- Ranjangaon Khurd Location in Maharashtra, India
- Coordinates: 19°41′10″N 74°32′11″E﻿ / ﻿19.68611°N 74.53639°E
- Country: India
- State: Maharashtra
- District: Ahmednagar
- Taluka: Rahata

Government
- • Type: Panchayati raj
- • Body: Grampanchayat

Population (2011)
- • Total: 4,783

Languages
- • Official: Marathi
- Time zone: UTC+5:30 (IST)
- PIN: 413719
- Telephone code: 02423
- Vehicle registration: MH-17

= Ranjangaon Khurd =

Village in Maharashtra

Ranjangaon Khurd is a village in Rahata taluka of Ahmednagar district in the Indian state of Maharashtra.

==Population==
As per 2011 census, population of village is 4,783, of which 2,507 are males and 2,276 are females.

==Economy==
Main occupation of village is agriculture and allied work. Pd. Dr.
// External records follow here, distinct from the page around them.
theory Submission
  imports Defs
begin

(* Take a longest path x0 x1 x2 ... in the tree. Its end x0 is a leaf, and every neighbour of x1
   other than x2 is a leaf as well, since otherwise the path could be prolonged or would close a
   cycle. If the pendant edge x0x1 survives in R we have (ii); otherwise x0 or x1 lies in I, and
   either vertex witnesses (i). If (ii) holds with a pendant edge ab, a a leaf, then
   (I + a, R - ab) is again a crosscut pair, so |I| was not maximum. *)

lemma simple_graph_edgeD:
  assumes "simple_graph V E" "{x, y} \<in> E"
  shows "x \<noteq> y" "x \<in> V" "y \<in> V"
proof -
  obtain u v where "{x, y} = {u, v}" "u \<noteq> v" "u \<in> V" "v \<in> V"
    using assms unfolding simple_graph_def by blast
  then show "x \<noteq> y" "x \<in> V" "y \<in> V" by (auto simp: doubleton_eq_iff)
qed

lemma finite_neighbours:
  assumes "simple_graph V E"
  shows "finite (neighbours E v)"
proof (rule finite_subset)
  show "neighbours E v \<subseteq> V"
    using simple_graph_edgeD[OF assms] unfolding neighbours_def by blast
  show "finite V" using assms unfolding simple_graph_def by blast
qed

lemma finite_edges:
  assumes "simple_graph V E"
  shows "finite E"
proof (rule finite_subset)
  show "E \<subseteq> Pow V"
  proof
    fix e assume "e \<in> E"
    then obtain u v where "e = {u, v}" "u \<in> V" "v \<in> V"
      using assms unfolding simple_graph_def by blast
    then show "e \<in> Pow V" by simp
  qed
  show "finite (Pow V)" using assms unfolding simple_graph_def by blast
qed

lemma neighbours_leaf:
  assumes "leaf E a" "{a, b} \<in> E"
  shows "neighbours E a = {b}"
proof -
  obtain c where "neighbours E a = {c}"
    using assms(1) unfolding leaf_def degree_def by (metis card_1_singletonE)
  moreover have "b \<in> neighbours E a"
    using assms(2) unfolding neighbours_def by (simp add: insert_commute)
  ultimately show ?thesis by simp
qed

lemma neighbours_eq_singletonD:
  assumes "neighbours E a = {b}"
  shows "{a, b} \<in> E"
proof -
  have "b \<in> neighbours E a" using assms by simp
  then show ?thesis unfolding neighbours_def by (simp add: insert_commute)
qed

lemma connected_graph_has_edge:
  assumes "connected_graph V E" "finite V" "card V \<ge> 2"
  shows "\<exists>a b. {a, b} \<in> E"
proof -
  have "\<not> card V \<le> Suc 0" using assms(3) by simp
  then obtain a b where ab: "a \<in> V" "b \<in> V" "a \<noteq> b"
    using card_le_Suc0_iff_eq[OF assms(2)] by blast
  then have "(adj E)\<^sup>*\<^sup>* a b" using assms(1) unfolding connected_graph_def by blast
  then show ?thesis using ab(3)
    by (cases rule: converse_rtranclpE) (auto simp: adj_def)
qed

definition graph_path :: "'a set set \<Rightarrow> 'a list \<Rightarrow> bool" where
  "graph_path E xs \<longleftrightarrow> distinct xs \<and> (\<forall>i. Suc i < length xs \<longrightarrow> {xs ! i, xs ! Suc i} \<in> E)"

definition longest_path :: "'a set \<Rightarrow> 'a set set \<Rightarrow> 'a list \<Rightarrow> bool" where
  "longest_path V E xs \<longleftrightarrow> graph_path E xs \<and> set xs \<subseteq> V \<and>
     (\<forall>ys. graph_path E ys \<and> set ys \<subseteq> V \<longrightarrow> length ys \<le> length xs)"

lemma graph_path_drop: "graph_path E xs \<Longrightarrow> graph_path E (drop n xs)"
  unfolding graph_path_def by simp

lemma is_cycle_take_graph_path:
  assumes "graph_path E xs" "2 \<le> j" "j < length xs" "{xs ! j, xs ! 0} \<in> E"
  shows "is_cycle E (take (Suc j) xs)"
proof -
  have "take (Suc j) xs \<noteq> []" using assms(3) by auto
  then have "last (take (Suc j) xs) = xs ! j" "hd (take (Suc j) xs) = xs ! 0"
    using assms(3) by (simp_all add: last_conv_nth hd_conv_nth)
  then show ?thesis
    using assms unfolding is_cycle_def graph_path_def adj_def by auto
qed

lemma longest_path_exists:
  assumes "simple_graph V E" "{a, b} \<in> E"
  obtains xs where "longest_path V E xs" "2 \<le> length xs"
proof -
  let ?P = "\<lambda>ys. graph_path E ys \<and> set ys \<subseteq> V"
  have "a \<noteq> b" "a \<in> V" "b \<in> V" using simple_graph_edgeD[OF assms] by blast+
  then have ab: "?P [a, b]" using assms(2) unfolding graph_path_def by (simp add: less_Suc_eq)
  have "length ys < Suc (card V)" if "?P ys" for ys
  proof -
    have "finite V" using assms(1) unfolding simple_graph_def by blast
    have "length ys = card (set ys)" using that unfolding graph_path_def by (simp add: distinct_card)
    also have "\<dots> \<le> card V" using card_mono[OF \<open>finite V\<close>] that by blast
    finally show ?thesis by simp
  qed
  then obtain xs where "?P xs" "\<forall>ys. ?P ys \<longrightarrow> length ys \<le> length xs"
    using Lattices_Big.ex_has_greatest_nat[of ?P "[a, b]" length] ab by blast
  moreover from this have "2 \<le> length xs" using ab by fastforce
  ultimately show ?thesis using that unfolding longest_path_def by blast
qed

context
  fixes V :: "'a set" and E :: "'a set set"
  assumes simple: "simple_graph V E" and acyclic: "\<nexists>cs. is_cycle E cs"
begin

lemma longest_path_hd_neighbours:
  assumes xs: "longest_path V E xs" "2 \<le> length xs"
  shows "neighbours E (xs ! 0) = {xs ! 1}"
proof -
  have p: "graph_path E xs" "set xs \<subseteq> V" using xs unfolding longest_path_def by auto
  have "y = xs ! 1" if e: "{y, xs ! 0} \<in> E" for y
  proof (cases "y \<in> set xs")
    case False
    have "graph_path E (y # xs)"
      using p(1) False e unfolding graph_path_def by (auto simp: nth_Cons split: nat.splits)
    moreover have "set (y # xs) \<subseteq> V" using p(2) simple_graph_edgeD[OF simple e] by simp
    ultimately have "length (y # xs) \<le> length xs" using xs unfolding longest_path_def by blast
    then show ?thesis by simp
  next
    case True
    then obtain j where j: "j < length xs" "y = xs ! j" by (auto simp: in_set_conv_nth)
    have "j \<noteq> 0" using simple_graph_edgeD(1)[OF simple e] j by (cases j) auto
    moreover have "\<not> 2 \<le> j"
      using is_cycle_take_graph_path[OF p(1) _ j(1)] e j acyclic by blast
    ultimately show ?thesis using j by (simp add: numeral_2_eq_2 not_less_eq_eq le_Suc_eq)
  qed
  moreover have "{xs ! 0, xs ! 1} \<in> E" using p(1) xs(2) unfolding graph_path_def by auto
  ultimately show ?thesis unfolding neighbours_def by (auto simp: insert_commute)
qed

text \<open>The end of a longest path is a leaf; applying this to the longest path obtained by
  replacing the end with another neighbour w of the second vertex shows that w is a leaf too.\<close>

lemma longest_path_neighbour_leaf:
  assumes xs: "longest_path V E xs" "2 \<le> length xs"
    and w: "w \<in> neighbours E (xs ! 1)" "3 \<le> length xs \<longrightarrow> w \<noteq> xs ! 2"
  shows "leaf E w"
proof -
  have p: "graph_path E xs" "set xs \<subseteq> V" using xs unfolding longest_path_def by auto
  have e: "{w, xs ! 1} \<in> E" using w(1) unfolding neighbours_def by simp
  show ?thesis
  proof (cases "w \<in> set xs")
    case False
    let ?ys = "w # drop 1 xs"
    have "graph_path E ?ys"
      using graph_path_drop[OF p(1), of 1] False e xs(2) unfolding graph_path_def
      by (auto simp: nth_Cons split: nat.splits dest: in_set_dropD)
    moreover have "set ?ys \<subseteq> V"
      using p(2) simple_graph_edgeD[OF simple e] set_drop_subset by fastforce
    moreover have "length ?ys = length xs" using xs(2) by simp
    ultimately have "longest_path V E ?ys" using xs(1) unfolding longest_path_def by simp
    from longest_path_hd_neighbours[OF this] have "neighbours E w = {xs ! 1}"
      using xs(2) by simp
    then show ?thesis unfolding leaf_def degree_def by simp
  next
    case True
    then obtain j where j: "j < length xs" "w = xs ! j" by (auto simp: in_set_conv_nth)
    show ?thesis
    proof (cases "j = 0")
      case True
      then show ?thesis
        using longest_path_hd_neighbours[OF xs] j unfolding leaf_def degree_def by simp
    next
      case False
      moreover have "j \<noteq> 1" using simple_graph_edgeD(1)[OF simple e] j by auto
      moreover have "j \<noteq> 2" using w(2) j by auto
      ultimately have "2 \<le> j - 1" by simp
      then have "is_cycle E (take (Suc (j - 1)) (drop 1 xs))"
        using is_cycle_take_graph_path[OF graph_path_drop[OF p(1)], of "j - 1" 1] j e by simp
      then show ?thesis using acyclic by blast
    qed
  qed
qed

lemma leaf_with_leafy_neighbour:
  assumes "{a, b} \<in> E"
  shows "\<exists>l p. neighbours E l = {p} \<and> cond_i E {p}"
proof -
  obtain xs where xs: "longest_path V E xs" "2 \<le> length xs"
    using longest_path_exists[OF simple assms] .
  have p: "graph_path E xs" using xs unfolding longest_path_def by auto
  define u where "u = (if 3 \<le> length xs then xs ! 2 else xs ! 0)"
  have "{xs ! 1, u} \<in> E"
    using p xs(2) unfolding u_def graph_path_def
    by (auto simp: numeral_2_eq_2 numeral_3_eq_3 insert_commute)
  then have "u \<in> neighbours E (xs ! 1)" unfolding neighbours_def by (simp add: insert_commute)
  moreover have "\<forall>w\<in>neighbours E (xs ! 1). w \<noteq> u \<longrightarrow> leaf E w"
    using longest_path_neighbour_leaf[OF xs] unfolding u_def by auto
  ultimately show ?thesis
    using longest_path_hd_neighbours[OF xs] unfolding cond_i_def by blast
qed

end

lemma pendant_edgeE:
  assumes "pendant_edge E e"
  obtains a b where "e = {a, b}" "leaf E a"
proof -
  obtain x y where "e = {x, y}" "min (degree E x) (degree E y) = 1"
    using assms unfolding pendant_edge_def by blast
  then show ?thesis using that unfolding leaf_def by (metis insert_commute min_def)
qed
Vitthalrao Vikhe Patil S.S.K. Ltd. (Shree Ganesh Unit), a sugar factory is located near a village.

==Transport==
===Road===
Village is located near Shirdi - Shani Shingnapur highway.

===Rail===
Chitali railway station is the nearest railway station to a village.

===Air===
Shirdi Airport is the nearest airport to a village.